In 2022 he then went to work as a partner at King & Spalding, another of the country's largest law firms. Mastro represented several major companies, including Amazon and Chevron. He is defending Madison Square Garden Entertainment in suits filed by former New York Knicks star Charles Oakley over his 2017 ejection from the arena, and by the attorney Larry Hutcher after the venue banned 60 lawyers involved in pending litigation against it.

On July 30, 2024, Mastro was nominated to be the corporation counsel for New York City by mayor Eric Adams, but he withdrew his nomination two months later after many city council members announced their opposition.

Throughout 2024, Mastro represented the state of New Jersey as it sued to halt New York's congestion pricing plan for Lower Manhattan.

On March 20, 2025, Mastro was appointed first deputy mayor of New York City by Mayor Eric Adams, making him the first person in city history to serve as top deputy and acting mayor in two different administrations (Adams and Giuliani). He oversaw central parts of the mayor's agenda including combating antisemitism, reducing fines for small landlords and halting the destruction of a garden on the Lower East Side.

Mastro announced on December 5, 2025, that he would resign from office as first deputy mayor of New York City effective December 31, 2025 when Mayor Eric Adams left office as Mayor of New York City at the end of his term.

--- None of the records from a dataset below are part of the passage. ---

lemma cyclic_code_has_weight_3_word:
  fixes \<alpha> :: "'a::field"
  assumes char2: "CHAR('a) = 2" and \<alpha>: "prim_root \<alpha> n" and "odd n"
    and m: "m = 2 ^ g - 1" "1 < m" "m dvd n" and "coprime r m"
    and T: "finite T" "\<forall>t\<in>T. i t < n" "\<forall>t\<in>T. \<forall>u\<in>T. t \<noteq> u \<longrightarrow> i u \<notin> cyc_coset (i t) n"
    and i_in: "\<forall>t\<in>T. i t mod m \<in> cyc_coset r m"
  shows "\<exists>c\<in>cyclic_code n (\<Prod>t\<in>T. min_poly \<alpha> n (i t)). c \<noteq> 0 \<and> weight c = 3"
proof -
  obtain N where N: "n = m * N"
    using m(3) by blast
  have "0 < n" "0 < N"
    using \<open>odd n\<close> N by (auto simp: odd_pos)
  define \<gamma> where "\<gamma> = \<alpha> ^ (N * r)"
  have "prim_root \<gamma> m"
    unfolding \<gamma>_def using \<alpha> \<open>0 < n\<close> \<open>coprime r m\<close> N by (intro prim_root_power_coprime) auto
  then obtain b where b: "1 < b" "b < m" "1 + \<gamma> = \<gamma> ^ b"
    using CHAR_2_one_plus_prim_root[OF char2 _ m(1,2)] by blast
  define S where "S = {0, N, b * N}"
  have S: "finite S" "card S = 3"
    using b \<open>0 < N\<close> by (auto simp: S_def)
  then obtain c :: "bit poly" where c: "{k. coeff c k \<noteq> 0} = S"
    using bit_poly_with_support by blast
  have poly_c: "poly (map_poly of_bit c) x = 1 + x ^ N + (x ^ N) ^ b" for x :: 'a
    unfolding poly_map_of_bit c S_def using b \<open>0 < N\<close> by (simp add: power_mult mult.commute)
  have c_coeff: "coeff c k \<noteq> 0 \<longleftrightarrow> k \<in> S" for k
    using c by blast
  have "c \<noteq> 0"
    using c by (auto simp: S_def)
  have "degree c < n"
    unfolding degree_less_iff_support[OF \<open>0 < n\<close>] c_coeff using b N \<open>0 < N\<close> by (auto simp: S_def)
  have "poly (map_poly of_bit c) (\<alpha> ^ j) = 0" if t: "t \<in> T" and j: "j \<in> cyc_coset (i t) n" for t j
  proof -
    obtain K where K: "j mod m = r * 2 ^ K mod m"
      using cyc_coset_mod_dvd[OF m(3) j] i_in t unfolding cyc_coset_def by blast
    have "[N * j = N * (r * 2 ^ K)] (mod n)"
      using K N by (simp add: cong_def mult.commute flip: mult_mod_right)
    then have "(\<alpha> ^ j) ^ N = ((\<alpha> ^ r) ^ 2 ^ K) ^ N"
      using prim_root_pow_eq_pow_iff[OF \<alpha> \<open>0 < n\<close>] by (simp add: mult.commute flip: power_mult)
    then have "poly (map_poly of_bit c) (\<alpha> ^ j) = poly (map_poly of_bit c) ((\<alpha> ^ r) ^ 2 ^ K)"
      by (simp only: poly_c)
    also have "\<dots> = poly (map_poly of_bit c) (\<alpha> ^ r) ^ 2 ^ K"
      by (rule poly_map_of_bit_power_2[OF char2])
    also have "poly (map_poly of_bit c) (\<alpha> ^ r) = (1 + \<gamma>) + \<gamma> ^ b"
      unfolding poly_c \<gamma>_def by (simp add: mult.commute flip: power_mult)
    also have "\<dots> = 0"
      unfolding b(3) by (rule CHAR_2_add_self[OF char2])
    finally show ?thesis
      by simp
  qed
  then have "(\<Prod>t\<in>T. min_poly \<alpha> n (i t)) dvd map_poly of_bit c"
    using \<alpha> \<open>odd n\<close> T by (intro prod_min_poly_dvd) auto
  then show ?thesis
    using \<open>degree c < n\<close> \<open>c \<noteq> 0\<close> c S by (auto simp: cyclic_code_def weight_def)
qed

In January 2026, Mastro joined Dechert LLP as partner and co-chair of the firm's securities and complex litigation practice.

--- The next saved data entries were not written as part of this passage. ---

(* Let $c>0$. For each $N\in\mathbb{N}$, let $\mathcal{H}_N$ be a Hilbert space of dimension $N$, and let $\mu_N$ be an $\mathcal{L}_+(\mathcal{H}_N)$-valued measure on $\mathbb{D}$ such that $\|\mu_N\|_{\mathcal{I}}=1$ and \[ \|\mathcal{P}\|_{H^2(\mathbb{T},\mathcal{H}_N)\to L^2(\mathbb{D},\mathcal{H}_N,d\mu_N)}\ge c(\log N)^{1/2}. \] Let $\mathcal{H}=\bigoplus_{N=1}^\infty\mathcal{H}_N$ and $\mu=\bigoplus_{N=1}^\infty\mu_N$ (the $\mathcal{L}_+(\mathcal{H})$-valued measure acting blockwise). Then $\|\mu\|_{\mathcal{I}}=1$, while $\mathcal{P}:H^2(\mathbb{T},\mathcal{H})\to L^2(\mathbb{D},\mathcal{H},d\mu)$ is unbounded.
   Context: $\mathbb{D}$ is the open unit disc, $\mathbb{T}$ the unit circle. For a separable Hilbert space $\mathcal{H}$, $\mathcal{L}_+(\mathcal{H})$ is the set of positive bounded operators on $\mathcal{H}$. For an $\mathcal{L}_+(\mathcal{H})$-valued measure $\mu$ on $\mathbb{D}$, $L^2(\mathbb{D},\mathcal{H},d\mu)$ is the space of strongly measurable $f:\mathbb{D}\to\mathcal{H}$ with $\int_{\mathbb{D}}\langle d\mu\,f,f\rangle_{\mathcal{H}}<\infty$. $H^2(\mathbb{T},\mathcal{H})$ is the subspace of analytic functions in $L^2(\mathbb{T},\mathcal{H})$. For an arc $I\subset\mathbb{T}$ with normalized length $|I|$ ($|\mathbb{T}|=1$), $Q_I=\{w\in\mathbb{D}: w/|w|\in I,\ 1-|I|<|w|<1\}$, and $\|\mu\|_{\mathcal{I}}=\sup_{I\subset\mathbb{T},\ \|e\|_{\mathcal{H}}=1}\langle\mu(Q_I)e,e\rangle_{\mathcal{H}}$. The harmonic extension operator is $\mathcal{P}f(re^{2\pi ix})=\int_0^1 f(e^{2\pi it})P_r(x-t)\,dt$ with $P_r(t)=\frac{1-r^2}{1-2r\cos(2\pi t)+r^2}$. *)

theory Defs
  imports "HOL-Analysis.Analysis"
begin

text \<open>Hilbert spaces are modelled as l2(J) for a countable index set J:
  vectors are functions J -> complex vanishing off J.  Operators are given
  by their matrices w.r.t. the canonical basis.\<close>

definition Dmeas :: "complex measure" where
  "Dmeas = restrict_space borel (ball 0 1)"

definition l2vec :: "'j set \<Rightarrow> ('j \<Rightarrow> complex) \<Rightarrow> bool" where
  "l2vec J x \<longleftrightarrow> (\<forall>j. j \<notin> J \<longrightarrow> x j = 0) \<and> (\<lambda>j. (cmod (x j))\<^sup>2) summable_on J"

definition l2normsq :: "'j set \<Rightarrow> ('j \<Rightarrow> complex) \<Rightarrow> real" where
  "l2normsq J x = (\<Sum>\<^sub>\<infinity>j\<in>J. (cmod (x j))\<^sup>2)"

definition qf_fin :: "('j \<Rightarrow> 'j \<Rightarrow> complex) \<Rightarrow> ('j \<Rightarrow> complex) \<Rightarrow> 'j set \<Rightarrow> complex" where
  "qf_fin W x F = (\<Sum>i\<in>F. \<Sum>j\<in>F. cnj (x i) * W i j * x j)"

definition psd_mat :: "'j set \<Rightarrow> ('j \<Rightarrow> 'j \<Rightarrow> complex) \<Rightarrow> bool" where
  "psd_mat J W \<longleftrightarrow> (\<forall>i j. (i \<notin> J \<or> j \<notin> J) \<longrightarrow> W i j = 0) \<and>
     (\<forall>x F. finite F \<and> F \<subseteq> J \<longrightarrow> qf_fin W x F \<in> \<real> \<and> 0 \<le> Re (qf_fin W x F))"

definition bounded_psd :: "'j set \<Rightarrow> ('j \<Rightarrow> 'j \<Rightarrow> complex) \<Rightarrow> bool" where
  "bounded_psd J W \<longleftrightarrow> psd_mat J W \<and>
     (\<exists>C. \<forall>x F. finite F \<and> F \<subseteq> J \<longrightarrow> Re (qf_fin W x F) \<le> C * (\<Sum>j\<in>F. (cmod (x j))\<^sup>2))"

text \<open>The quadratic form <W x, x> for x in l2(J) (limit over finite coordinate sets;
  taken as a liminf in [0,\<infinity>] so that it is always defined).\<close>
definition qform :: "'j set \<Rightarrow> ('j \<Rightarrow> 'j \<Rightarrow> complex) \<Rightarrow> ('j \<Rightarrow> complex) \<Rightarrow> ennreal" where
  "qform J W x = Liminf (finite_subsets_at_top J) (\<lambda>F. ennreal (Re (qf_fin W x F)))"

text \<open>An L_+(l2(J))-valued measure on the Borel sets of the unit disc
  (values are bounded positive operators; weakly countably additive).\<close>
definition is_opmeasure :: "'j set \<Rightarrow> (complex set \<Rightarrow> 'j \<Rightarrow> 'j \<Rightarrow> complex) \<Rightarrow> bool" where
  "is_opmeasure J M \<longleftrightarrow> (\<forall>A\<in>sets Dmeas. bounded_psd J (M A)) \<and>
     (\<forall>x F. finite F \<and> F \<subseteq> J \<longrightarrow>
        countably_additive (sets Dmeas) (\<lambda>A. ennreal (Re (qf_fin (M A) x F))))"

definition opdensity :: "'j set \<Rightarrow> (complex set \<Rightarrow> 'j \<Rightarrow> 'j \<Rightarrow> complex)
     \<Rightarrow> complex measure \<Rightarrow> (complex \<Rightarrow> 'j \<Rightarrow> 'j \<Rightarrow> complex) \<Rightarrow> bool" where
  "opdensity J M \<nu> W \<longleftrightarrow> sets \<nu> = sets Dmeas \<and> finite_measure \<nu> \<and>
     (\<forall>z\<in>space \<nu>. psd_mat J (W z)) \<and>
     (\<forall>i j. integrable \<nu> (\<lambda>z. W z i j)) \<and>
     (\<forall>A\<in>sets Dmeas. \<forall>i j. M A i j = (LINT z:A|\<nu>. W z i j))"

text \<open>\<integral> <d\<mu> g, g> for g : D -> l2(J) (coordinatewise measurable = strongly
  measurable, J countable).  Defined through a density representation.\<close>
definition opL2 :: "'j set \<Rightarrow> (complex set \<Rightarrow> 'j \<Rightarrow> 'j \<Rightarrow> complex)
     \<Rightarrow> (complex \<Rightarrow> 'j \<Rightarrow> complex) \<Rightarrow> ennreal" where
  "opL2 J M g = (THE q. \<forall>\<nu> W. opdensity J M \<nu> W \<longrightarrow>
       q = (\<integral>\<^sup>+ z. qform J (W z) (g z) \<partial>\<nu>))"

text \<open>H^2(T, l2(J)); a function on T is written as t \<mapsto> f(e^{2\<pi> i t}), t \<in> [0,1].\<close>
definition H2 :: "'j set \<Rightarrow> (real \<Rightarrow> 'j \<Rightarrow> complex) \<Rightarrow> bool" where
  "H2 J f \<longleftrightarrow> (\<forall>j. (\<lambda>t. f t j) \<in> borel_measurable (restrict_space lborel {0..1})) \<and>
     (\<forall>t j. j \<notin> J \<longrightarrow> f t j = 0) \<and>
     (\<integral>\<^sup>+ t. (\<Sum>\<^sub>\<infinity>j\<in>J. ennreal ((cmod (f t j))\<^sup>2)) \<partial>(restrict_space lborel {0..1})) < \<infinity> \<and>
     (\<forall>n::int. n < 0 \<longrightarrow> (\<forall>j.
        (LINT t:{0..1}|lborel. f t j * exp (- 2 * pi * \<i> * of_int n * of_real t)) = 0))"

definition H2normsq :: "'j set \<Rightarrow> (real \<Rightarrow> 'j \<Rightarrow> complex) \<Rightarrow> ennreal" where
  "H2normsq J f = (\<integral>\<^sup>+ t. (\<Sum>\<^sub>\<infinity>j\<in>J. ennreal ((cmod (f t j))\<^sup>2)) \<partial>(restrict_space lborel {0..1}))"

definition Pker :: "real \<Rightarrow> real \<Rightarrow> real" where
  "Pker r t = (1 - r\<^sup>2) / (1 - 2 * r * cos (2 * pi * t) + r\<^sup>2)"

text \<open>Harmonic extension: w = r e^{2\<pi> i x} with r = |w|, x = Arg w / (2\<pi>).\<close>
definition Pext :: "(real \<Rightarrow> 'j \<Rightarrow> complex) \<Rightarrow> complex \<Rightarrow> 'j \<Rightarrow> complex" where
  "Pext f w j = (LINT t:{0..1}|lborel. of_real (Pker (cmod w) (Arg w / (2 * pi) - t)) * f t j)"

Mastro has taught as an adjunct professor at the University of Pennsylvania Law School and Fordham University School of Law.

Mastro is leading a lawsuit against the Mamdani administration's pied-à-terre tax.

== Personal life ==
Mastro lives on Manhattan's Upper East Side. In 1994, he married Jonine Lisa Bernstein, an epidemiologist.

In 2015, Mastro served alongside Alec Baldwin as co-chair of the Hamptons International Film Festival. In 2020, several vandals spray-painted the exterior of his home in retaliation for his involvement in a suit to close a homeless shelter on West 79th Street.

From 2016 to 2025 Mastro chaired the Citizens Union, a non-partisan group promoting local government accountability in New York City. He has also served as vice chair of the Legal Aid Society and on the board of advisors of the University of Pennsylvania Law School and the board of the City University of New York.

He owns a renovated 1925 townhouse worth $17 million on the Upper East Side.